Safely Handling Toothy Fish

FISH WITH TEETH - how to put the bite on them first!

Before you land 'em, you've got to hook 'em and when the fish you're after has a mouth like a chain saw, that's easier said than done. Use these helpful hints to land these toothy fish.


These reef and rig predators are absolutely fearless, sinking thir need-sharp teeth into anything that crosses their line of vision. Use wire leader of at least 10" in length.

Spoons with a tube jig trailer are the most common "cuda" bait, but trolled spoons and live or dead baits are effective. Bring plenty of bait - these guys will tear it up.

King Mackerel

Kings have up to 40 teeth per jaw, combined with a sleek body made for speed. They often leap from the water like a silver cruise missile, landing on trolled ballyhoo or live baits like pilchards, but shrimp and squid are also on their must-eat list.
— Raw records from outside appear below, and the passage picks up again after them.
(* There exist a constant $c_0\in(0,1)$ and a 1-sided error, nonadaptive, $t$-online-erasure-resilient $\varepsilon$-tester for linearity of functions $f:\{0,1\}^d\to\{0,1\}$ that is correct whenever $t\le c_0\cdot\varepsilon^{5/4}\cdot 2^{d/4}$ and makes $O\big(\frac1\varepsilon\log\frac t\varepsilon\big)$ queries.
   Context: Online-erasure model. An input is a function $f:D\to R$ on a finite domain $D$. An algorithm accesses $f$ only through an oracle $\mathcal{O}$ by querying points $x\in D$ one at a time and receiving $\mathcal{O}(x)$. Initially $\mathcal{O}(x)=f(x)$ for all $x\in D$. For $t\in\mathbb{N}$, a $t$-online-erasure oracle, after answering each query, may choose up to $t$ points $x\in D$ and set $\mathcal{O}(x)=\perp$ (a special "erased" symbol); these values are used to answer all future queries. The choice of erasures (the adversarial strategy) may depend on $f$, on the queries and answers so far, and on the algorithm's code, but not on the algorithm's future random coins; the algorithm does not know where erasures are. A property $\mathcal{P}$ is a set of functions; $f$ is $\varepsilon$-far from $\mathcal{P}$ if for every $g\in\mathcal{P}$, $f$ and $g$ differ on at least an $\varepsilon$ fraction of $D$. A $t$-online-erasure-resilient $\varepsilon$-tester for $\mathcal{P}$ is a randomized algorithm that, given $t,\varepsilon$ and access to $f$ via a $t$-online-erasure oracle, for every adversarial strategy accepts with probability at least $2/3$ if $f\in\mathcal{P}$ and rejects with probability at least $2/3$ if $f$ is $\varepsilon$-far from $\mathcal{P}$. It has 1-sided error if it accepts every $f\in\mathcal{P}$ with probability 1; it is nonadaptive if its queries do not depend on answers to previous queries. A function $f:\{0,1\}^d\to\{0,1\}$ is linear if there is $S\subseteq[d]$ with $f(x)=\sum_{i\in S}x[i]\bmod 2$ for all $x$. *)

theory Defs
  imports "HOL-Probability.Probability"
begin

definition cube :: "nat \<Rightarrow> bool list set" where
  "cube d = {x. length x = d}"

definition linear_fn :: "nat \<Rightarrow> (bool list \<Rightarrow> bool) \<Rightarrow> bool" where
  "linear_fn d f \<longleftrightarrow> (\<exists>S \<subseteq> {..<d}. \<forall>x\<in>cube d. f x = odd (card {i\<in>S. x ! i}))"

definition eps_far :: "nat \<Rightarrow> real \<Rightarrow> (bool list \<Rightarrow> bool) \<Rightarrow> bool" where
  "eps_far d \<epsilon> f \<longleftrightarrow>
     (\<forall>g. linear_fn d g \<longrightarrow> real (card {x\<in>cube d. f x \<noteq> g x}) \<ge> \<epsilon> * real (card (cube d)))"

text \<open>A history: the queries so far with their answers (None = erased symbol).\<close>
type_synonym history = "(bool list \<times> bool option) list"
lemma orbit_of_eq: "permutation \<pi> \<Longrightarrow> y \<in> orbit_of \<pi> x \<Longrightarrow> orbit_of \<pi> y = orbit_of \<pi> x"
  using orbit_of_sym orbit_of_trans by blast

lemma orbit_of_finite: "permutation \<pi> \<Longrightarrow> finite (orbit_of \<pi> x)"
  using orbit_of_perm[of \<pi> x] finite_orbit[OF permutation_self_in_orbit] by simp

lemma orbit_of_fixed:
  assumes "\<pi> x = x" shows "orbit_of \<pi> x = {x}"
proof -
  have "y = x" if "y \<in> orbit_of \<pi> x" for y
    using that by (induction rule: orbit_of_induct) (use assms in auto)
  then show ?thesis by auto
qed

lemma permutes_permutation: "(\<pi> :: nat \<Rightarrow> nat) permutes {1..n} \<Longrightarrow> permutation \<pi>"
  using permutes_imp_permutation[of "{1..n}" \<pi>] by simp

lemma orbit_of_avoid:
  assumes "a \<notin> orbit_of \<pi> x" "b \<notin> orbit_of \<pi> x"
  shows "orbit_of (\<pi> \<circ> transpose a b) x = orbit_of \<pi> x"
proof -
  have "((\<pi> \<circ> transpose a b) ^^ m) x = (\<pi> ^^ m) x \<and> (\<pi> ^^ m) x \<in> orbit_of \<pi> x" for m
  proof (induction m)
    case (Suc m)
    then have "transpose a b ((\<pi> ^^ m) x) = (\<pi> ^^ m) x" using assms by (metis transpose_apply_other)
    with Suc show ?case by (simp add: orbit_of_step)
  qed simp
  then show ?thesis unfolding orbit_of_def by metis
qed

lemma ncycles_le: "ncycles n \<pi> \<le> n"
  unfolding ncycles_def using card_image_le[of "{1..n}" "orbit_of \<pi>"] by simp

lemma ncycles_id: "ncycles n id = n"
proof -
  have "orbit_of id = (\<lambda>x. {x})" by (rule ext) (rule orbit_of_fixed, simp)
  moreover have "inj_on (\<lambda>x::nat. {x}) {1..n}" by (rule inj_onI) simp
  ultimately show ?thesis unfolding ncycles_def by (simp add: card_image)
qed

text \<open>They are shared by
  \<open>\<pi>\<close> and \<open>\<pi> \<circ> (a b)\<close>, so only the (one or two) orbits through \<open>a\<close> and \<open>b\<close> can change.\<close>

definition far_orbits :: "nat \<Rightarrow> (nat \<Rightarrow> nat) \<Rightarrow> nat \<Rightarrow> nat \<Rightarrow> nat set set" where
  "far_orbits n \<pi> a b = {X \<in> orbit_of \<pi> ` {1..n}. a \<notin> X \<and> b \<notin> X}"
Use wire leader and a stinger hook on the bait's tail end. Kings often chop a bait fish in half and may miss a single hook bait.

Mako Shark

These massive predators have jaws that can crush a man, earning the mako a place on the list of known man-eaters, right next to Joan Collins. Rig up with the heaviest wire leader you've got, drift and chum to attract them and bait with whole squid or fish.


These runaway torpedoes with teeth bite blindingly fast, often tearing away the aft section of a bait, so a stinger hook is in order. Use a long wire leader, up to 5', and keep the line free of any shiny hardware like swivels that could trigger a mid-line strike.

Blue Fish

See a school of blues in a frenzy? Don't enter the water - anything within sight is danger of being mauled. Their teeth will make mince meat of mono, so rig up with 1' of wire leader. Don't get choosey, because in a frenzy, blues eat any bait or lure.

All of these toothy fish are good eating, just take care when handling so you get the first bite!